Ainda na versão do órgão, o secretário estadual Segurança Pública, Roberto Sá, mantém "interlocução permanente com os comandos das polícias Militar e Civil, orientando-os na busca incessante de medidas que impactem na redução dos indicadores de violência, principalmente o de letalidade violenta."
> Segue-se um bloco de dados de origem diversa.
(* Let $p$ and $s$ be distinct odd primes and $n$ a positive integer with $p\equiv1\pmod n$. Let $g$ be a primitive root modulo $p$, $\zeta$ a primitive $p$-th root of unity in $\overline{\mathbb{F}}_s$, and $G(p,n)=\langle a,b\mid a^p=1=b^{(p-1)/n},\ b^{-1}ab=a^{g^n}\rangle$. Let $\rho:\langle a\rangle\to\overline{\mathbb{F}}_s^*$ be given by $\rho(a)=\zeta$. Then the induced representation $\rho^{G(p,n)}$ is realizable over $\mathbb{F}_s$ if and only if $s$ is an $n$-th power in $\mathbb{F}_p$ (i.e. $s\equiv y^n\pmod p$ for some integer $y$).
   Context: A representation over $\overline{\mathbb{F}}_s$ is realizable over $\mathbb{F}_s$ if it is equivalent (over $\overline{\mathbb{F}}_s$) to a matrix representation with all entries in $\mathbb{F}_s$. Concretely, with $N=(p-1)/n$, $\rho^{G(p,n)}$ acts on a space with basis $e_0,\dots,e_{N-1}$ by $ae_i=\zeta^{g^{ni}}e_i$, $be_i=e_{i+1}$ (indices modulo $N$). *)

theory Defs
  imports "HOL-Number_Theory.Number_Theory" "HOL-Algebra.Algebraic_Closure_Type"
    "Jordan_Normal_Form.Matrix" "Berlekamp_Zassenhaus.Finite_Field"
begin

text \<open>The prime field F_s is the type 's mod_ring (with CARD('s) = s prime);
its algebraic closure is 's mod_ring alg_closure, and F_s sits inside it as
the image of the canonical embedding to_ac.\<close>

definition prime_subfield :: "('s::prime_card mod_ring) alg_closure set" where
  "prime_subfield = range to_ac"
lemma pochhammer_pred_eq_sum_dstirling1:
  assumes "lam \<noteq> 0" and "n \<ge> 1"
  shows "pochhammer (x + lam + 1) (n - 1)
    = (\<Sum>k=1..n. (-1) ^ (n - k) * dstirling1 (- lam) n k * dfall lam (k - 1) x)"
proof -
  let ?S = "\<lambda>x. \<Sum>k=1..n. (-1) ^ (n - k) * dstirling1 (- lam) n k * dfall lam (k - 1) x"
  have "pochhammer (x + lam + 1) (n - 1) = ?S x" if "x \<noteq> - lam" for x
  proof -
    have "(x + lam) * ?S x = (\<Sum>k=1..n. (-1) ^ (n - k) * dstirling1 (- lam) n k * dfall lam k (x + lam))"
      unfolding sum_distrib_left
      by (intro sum.cong refl) (auto simp: dfall_Suc_left dest!: Suc_le_D)
    also have "\<dots> = pochhammer (x + lam) n"
      using pochhammer_eq_sum_dstirling1[OF assms] by simp
    also have "\<dots> = (x + lam) * pochhammer (x + lam + 1) (n - 1)"
      using assms(2) pochhammer_rec[of "x + lam" "n - 1"] by simp
    finally show ?thesis
      using that by simp
  qed
  then have "{x. x \<noteq> - lam} \<subseteq> {x. pochhammer (x + lam + 1) (n - 1) = ?S x}"
    by auto
  moreover have "infinite {x :: real. x \<noteq> - lam}"
    using infinite_UNIV_char_0 by (simp add: Collect_neg_eq Diff_infinite_finite)
  ultimately have "infinite {x. pochhammer (x + lam + 1) (n - 1) = ?S x}"
    using finite_subset by blast
  moreover have "real_polynomial_function (\<lambda>x. pochhammer (x + lam + 1) (n - 1))"
    by (intro real_polynomial_function_pochhammer real_polynomial_function.intros(1,2,3)
        bounded_linear_ident)
  moreover have "real_polynomial_function ?S"
    by (intro real_polynomial_function_sum real_polynomial_function.intros(2,4)
        real_polynomial_function_dfall) auto
  ultimately show ?thesis
    using real_polynomial_function_eq_if_infinite_agreement by blast
qed
(* Let $m\neq0$, $A\in\mathbb{C}^{2\times2}$, and let $z$ be an eigenvalue of $D_A$. Then $z$ has geometric multiplicity one, except when $A=\begin{pmatrix}\alpha&0\\0&-4/\alpha\end{pmatrix}$ for some $\alpha\in\mathbb{C}\setminus\{0\}$; in this exceptional case the geometric multiplicity of $z$ equals $2$ and $D_A$ has no other eigenvalues.
   Context: Let $\sigma_1=\begin{pmatrix}0&1\\1&0\end{pmatrix}$, $\sigma_3=\begin{pmatrix}1&0\\0&-1\end{pmatrix}$, $m\in\mathbb{R}$. Identify $L^2(\mathbb{R};\mathbb{C}^2)=L^2(\mathbb{R}_-;\mathbb{C}^2)\oplus L^2(\mathbb{R}_+;\mathbb{C}^2)$; for $\psi=\psi_-\oplus\psi_+\in H^1(\mathbb{R}_-;\mathbb{C}^2)\oplus H^1(\mathbb{R}_+;\mathbb{C}^2)$, $\psi(0_\pm)$ are the one-sided traces at $0$. Let $\mathscr{D}=-i\sigma_1\frac{d}{dx}+m\sigma_3$, and let $D_A$ be the operator with domain $\{\psi\in H^1(\mathbb{R}_-;\mathbb{C}^2)\oplus H^1(\mathbb{R}_+;\mathbb{C}^2) : (2i\sigma_1-A)\psi(0_+)=(2i\sigma_1+A)\psi(0_-)\}$ acting as $D_A\psi=\mathscr{D}\psi_-\oplus\mathscr{D}\psi_+$. *)

theory Defs
  imports "HOL-Analysis.Analysis" "HOL-Library.Function_Algebras"
begin

definition sigma1 :: "complex^2^2" where
  "sigma1 = (\<chi> i j. if i = j then 0 else 1)"

definition sigma3 :: "complex^2^2" where
  "sigma3 = (\<chi> i j. if i = j then (if i = 1 then 1 else -1) else 0)"

definition L2_on :: "real set \<Rightarrow> (real \<Rightarrow> complex^2) \<Rightarrow> bool" where
  "L2_on S f \<longleftrightarrow>
     (\<lambda>x. indicator S x *\<^sub>R f x) \<in> borel_measurable lborel \<and>
     set_integrable lborel S (\<lambda>x. (norm (f x))\<^sup>2)"

text \<open>f (restricted to [0,oo)) is the absolutely continuous representative of an element
  of H^1(R_+; C^2) with weak derivative g; f 0 is the one-sided trace psi(0+).\<close>

definition H1_pos :: "(real \<Rightarrow> complex^2) \<Rightarrow> (real \<Rightarrow> complex^2) \<Rightarrow> bool" where
  "H1_pos f g \<longleftrightarrow> L2_on {0<..} f \<and> L2_on {0<..} g \<and>
     (\<forall>x\<ge>0. (g has_integral (f x - f 0)) {0..x})"

text \<open>Same on (-oo,0]; f 0 is the one-sided trace psi(0-).\<close>

definition H1_neg :: "(real \<Rightarrow> complex^2) \<Rightarrow> (real \<Rightarrow> complex^2) \<Rightarrow> bool" where
  "H1_neg f g \<longleftrightarrow> L2_on {..<0} f \<and> L2_on {..<0} g \<and>
     (\<forall>x\<le>0. (g has_integral (f 0 - f x)) {x..0})"

definition dirac_expr :: "real \<Rightarrow> (real \<Rightarrow> complex^2) \<Rightarrow> (real \<Rightarrow> complex^2) \<Rightarrow> real \<Rightarrow> complex^2" where
  "dirac_expr m f g x = (- \<i>) *s (sigma1 *v g x) + (complex_of_real m) *s (sigma3 *v f x)"

text \<open>An element psi = psi_- (+) psi_+ of the domain is represented by the pair
  (fm, fp) of its continuous representatives on the closed half-lines (-oo,0] and [0,oo),
  extended by zero outside; this identifies elements of L^2 bijectively.\<close>

definition eigenspace_DA :: "real \<Rightarrow> complex^2^2 \<Rightarrow> complex \<Rightarrow>
    ((real \<Rightarrow> complex^2) \<times> (real \<Rightarrow> complex^2)) set" where
  "eigenspace_DA m A z = {(fm, fp).
     (\<forall>x>0. fm x = 0) \<and> (\<forall>x<0. fp x = 0) \<and>
     (\<exists>gm gp. H1_neg fm gm \<and> H1_pos fp gp \<and>
        (AE x in lborel. x < 0 \<longrightarrow> dirac_expr m fm gm x = z *s fm x) \<and>
        (AE x in lborel. x > 0 \<longrightarrow> dirac_expr m fp gp x = z *s fp x)) \<and>
     (2 * \<i>) *s (sigma1 *v fp 0) - A *v fp 0 = (2 * \<i>) *s (sigma1 *v fm 0) + A *v fm 0}"

definition is_eigenvalue_DA :: "real \<Rightarrow> complex^2^2 \<Rightarrow> complex \<Rightarrow> bool" where
  "is_eigenvalue_DA m A z \<longleftrightarrow> (\<exists>\<psi>\<in>eigenspace_DA m A z. \<psi> \<noteq> 0)"

definition scaleP :: "complex \<Rightarrow> (real \<Rightarrow> complex^2) \<times> (real \<Rightarrow> complex^2) \<Rightarrow>
    (real \<Rightarrow> complex^2) \<times> (real \<Rightarrow> complex^2)" where
  "scaleP c p = ((\<lambda>x. c *s fst p x), (\<lambda>x. c *s snd p x))"

definition geom_mult_DA :: "real \<Rightarrow> complex^2^2 \<Rightarrow> complex \<Rightarrow> nat" where
  "geom_mult_DA m A z = vector_space.dim scaleP (eigenspace_DA m A z)"

definition diag2 :: "complex \<Rightarrow> complex \<Rightarrow> complex^2^2" where
  "diag2 a b = (\<chi> i j. if i = j then (if i = 1 then a else b) else 0)"

end

theory Submission
  imports Defs
begin

text \<open>On each half-line the eigenvalue equation is a constant-coefficient first-order system
  whose solutions are combinations of \<open>exp (k x)\<close> and \<open>exp (- k x)\<close>, where
  \<open>k\<^sup>2 = m\<^sup>2 - z\<^sup>2\<close> and \<open>Re k \<ge> 0\<close>. Square integrability kills the growing mode (and
  everything when \<open>k = 0\<close>), so an eigenfunction is determined by the first components
  \<open>u, w\<close> of its two boundary values. After eliminating the second components the jump
  condition becomes two linear equations in \<open>(u, w)\<close>; the kernel is two-dimensional exactly
  when both vanish identically, which forces \<open>A = diag(\<alpha>, -4/\<alpha>)\<close> with
  \<open>\<alpha> (z + m) = -2 k\<close>, and this relation determines \<open>z\<close>.\<close>

lemma vector_space_scaleP: "vector_space scaleP"
  by unfold_locales
    (auto simp: scaleP_def vector_add_ldistrib vector_sadd_rdistrib vector_smult_assoc
      fun_eq_iff prod_eq_iff)

lemma dim_scaleP_eq_1:
  assumes "p \<in> E" "p \<noteq> 0" "\<And>q. q \<in> E \<Longrightarrow> \<exists>c. q = scaleP c p"
  shows "vector_space.dim scaleP E = 1"
proof -
  interpret v: vector_space scaleP by (rule vector_space_scaleP)
  have "E \<subseteq> v.span {p}"
    using assms(3) unfolding v.span_singleton by blast
  moreover have "v.independent {p}"
    using assms(2) by (simp add: v.independent_insert)
  ultimately show ?thesis
    using assms(1) by (intro v.dim_unique[of "{p}"]) auto
qed

lemma dim_scaleP_eq_2:
  assumes "p \<in> E" "q \<in> E" "p \<noteq> 0" "\<And>c. q \<noteq> scaleP c p"
    and "\<And>r. r \<in> E \<Longrightarrow> \<exists>a b. r = scaleP a p + scaleP b q"
  shows "vector_space.dim scaleP E = 2"
proof -
  interpret v: vector_space scaleP by (rule vector_space_scaleP)
  have "p \<noteq> q" using assms(4)[of 1] by (auto simp: scaleP_def)
  have span: "E \<subseteq> v.span {q, p}"
  proof
    fix r assume "r \<in> E"
    then obtain a b where r: "r = scaleP a p + scaleP b q" using assms(5) by blast
    have "r - scaleP b q \<in> v.span {p}" unfolding v.span_singleton using r by auto
    then show "r \<in> v.span {q, p}" unfolding v.span_insert[of q] by blast
  qed
  have "q \<notin> v.span {p}" unfolding v.span_singleton using assms(4) by auto
  then have "v.independent {q, p}"
    using assms(3) \<open>p \<noteq> q\<close> by (simp add: v.independent_insert)
  then show ?thesis
    using assms(1,2) \<open>p \<noteq> q\<close> span by (intro v.dim_unique[of "{q, p}"]) auto
qed

lemma vec2_eq_iff: "(v::'a^2) = w \<longleftrightarrow> v$1 = w$1 \<and> v$2 = w$2"
  by (auto simp: vec_eq_iff forall_2)

lemma matrix_vector_mult_nth_2:
  fixes M :: "'a::semiring_1^2^2"
  shows "(M *v v) $ 1 = M$1$1 * v$1 + M$1$2 * v$2" "(M *v v) $ 2 = M$2$1 * v$1 + M$2$2 * v$2"
  by (simp_all add: matrix_vector_mult_def sum_2)

lemma sigma_nth:
  "sigma1$1$1 = 0" "sigma1$1$2 = 1" "sigma1$2$1 = 1" "sigma1$2$2 = 0"
  "sigma3$1$1 = 1" "sigma3$1$2 = 0" "sigma3$2$1 = 0" "sigma3$2$2 = -1"
  by (simp_all add: sigma1_def sigma3_def)

lemma diag2_nth [simp]:
  "diag2 a b $1$1 = a" "diag2 a b $1$2 = 0" "diag2 a b $2$1 = 0" "diag2 a b $2$2 = b"
  by (simp_all add: diag2_def)

lemma continuous_on_integral_equation:
  fixes h G :: "real \<Rightarrow> 'a::banach"
  assumes "\<And>t. t \<in> {a..b} \<Longrightarrow> (G has_integral (h t - h a)) {a..t}"
  shows "continuous_on {a..b} h"
proof (cases "a \<le> b")
  case True
  then have "G integrable_on {a..b}" using assms[of b] by auto
  then have "continuous_on {a..b} (\<lambda>t. h a + integral {a..t} G)"
    by (intro continuous_intros indefinite_integral_continuous_1)
  moreover have "h a + integral {a..t} G = h t" if "t \<in> {a..b}" for t
    using assms[OF that] by (simp add: integral_unique)
  ultimately show ?thesis using continuous_on_eq by force
qed simp

lemma AE_lborel_negligibleE:
  assumes "AE x in lborel. P x"
  obtains N where "negligible N" "\<And>x. x \<notin> N \<Longrightarrow> P x"
proof -
  from assms obtain N where N: "{x \<in> space lborel. \<not> P x} \<subseteq> N" "emeasure lborel N = 0"
      "N \<in> sets lborel"
    by (rule AE_E)
  then have "negligible N"
    using negligible_iff_null_sets null_sets_completionI by blast
  then show ?thesis using N(1) that by auto
qed

text \<open>Since \<open>h\<close> is an indefinite integral of the continuous function \<open>c h\<close>,
  \<open>exp (- c t) * h t\<close> has derivative zero.\<close>

lemma integral_equation_exp:
  fixes h G :: "real \<Rightarrow> complex"
  assumes int: "\<And>t. t \<ge> 0 \<Longrightarrow> (G has_integral (h t - h 0)) {0..t}"
    and ae: "AE t in lborel. t > 0 \<longrightarrow> G t = c * h t"
    and x: "x \<ge> 0"
  shows "h x = exp (c * x) * h 0"
proof -
  obtain N where N: "negligible N" "\<And>t. t \<notin> N \<Longrightarrow> t > 0 \<longrightarrow> G t = c * h t"
    using ae by (rule AE_lborel_negligibleE) blast
  have ch: "((\<lambda>s. c * h s) has_integral (h t - h 0)) {0..t}" if "t \<ge> 0" for t
    by (rule has_integral_spike[OF _ _ int[OF that], of "N \<union> {0}"]) (use N in force)+
  have "continuous_on {0..x} h"
    using int by (intro continuous_on_integral_equation) auto
  then have cont: "continuous_on {0..x} (\<lambda>s. c * h s)"
    by (intro continuous_intros)
  have der: "(h has_vector_derivative c * h t) (at t within {0..x})" if t: "t \<in> {0..x}" for t
  proof -
    have "((\<lambda>u. h 0 + integral {0..u} (\<lambda>s. c * h s)) has_vector_derivative c * h t)
        (at t within {0..x})"
      using integral_has_vector_derivative[OF cont t] by (intro derivative_eq_intros) auto
    moreover have "h u = h 0 + integral {0..u} (\<lambda>s. c * h s)" if "u \<in> {0..x}" for u
      using integral_unique[OF ch, of u] that by simp
    ultimately show ?thesis
      by (rule has_vector_derivative_transform[OF t, rotated])
  qed
  define q where "q t = exp (- c * of_real t) * h t" for t
  have "(q has_derivative (\<lambda>_. 0)) (at t within {0..x})" if t: "t \<in> {0..x}" for t
  proof -
    have "((\<lambda>t. exp (- c * of_real t)) has_vector_derivative (- c * exp (- c * of_real t)))
        (at t within {0..x})"
      by (rule has_vector_derivative_real_field) (auto intro!: derivative_eq_intros)
    from has_vector_derivative_mult[OF this der[OF t]]
    have "(q has_vector_derivative 0) (at t within {0..x})"
      unfolding q_def by (simp add: algebra_simps)
    then show ?thesis by (simp add: has_vector_derivative_def)
  qed
  then obtain k where "\<forall>t\<in>{0..x}. q t = k"
    using has_derivative_zero_constant[of "{0..x}" q] by auto
  then have "q x = q 0"
    using x by auto
  then have "exp (- c * of_real x) * h x = h 0"
    by (simp add: q_def)
  then show ?thesis
    by (metis exp_minus_inverse mult.assoc mult.left_commute mult_1 mult_minus_left)
qed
"Mesmo em um cenário econômico antagônico, sem custos aos cofres públicos, a Secretaria de Estado de Segurança Pública criou medidas estruturantes como o GIOSP (Grupo Integrado de Operações de Segurança Pública), no CICC (Centro Integrado de Segurança Pública), e a delegacia especializada para o combate ao tráfico de armas, a Desarme, para atacar as causas da letalidade violenta. Além disso, o ISP (Instituto de Segurança Pública) capacitou os batalhões da Polícia Militar para o uso da ferramenta de análise criminal ISPGeo, que permite o acompanhamento das ocorrências criminais e, por consequência, um melhor planejamento da atuação policial."

Enterro do bebê Arthur

O corpo do bebê Arthur foi sepultado na tarde desta segunda-feira (31) no cemitério Tanque do Anil, em Duque de Caxias, Baixada Fluminense. Os pais da criança acompanharam a cerimônia, mas optaram por não falar com a imprensa.

Em nota, o hospital Estadual Adão Pereira Nunes, em Saracuruna, também em Duque de Caxias, informou que o menino teve uma piora no quadro clínico em decorrência de uma hemorragia. Ele estava internado há um mês.

"O paciente Arthur Cosme de Melo foi a óbito às 14h05 deste domingo (30), após apresentar piora de seu quadro clínico em decorrência de uma hemorragia digestiva intensa, por volta das 5h30. A família do paciente foi informada e esteve na unidade ainda pela manhã, quando recebeu todas as informações sobre o estado de saúde do paciente, que esteve gravíssimo nas últimas horas. Todos os procedimentos para reverter o quadro foram adotados, porém não houve resposta clínica do paciente", informou o hospital.

O corpo do bebê foi encaminhado para o IML (Instituto Médico-Legal), procedimento padrão em casos de violência --Arthur foi vítima de perfuração por arma de fogo. 

A Polícia Civil ainda não descobriu o autor do tiro que atingiu a criança e a mãe. O caso é investigado pela 59º DP (Duque de Caxias). Policiais militares contaram que estavam saindo da Favela do Lixão quando foram atacados a tiros por criminosos --e afirmam não ter revidado.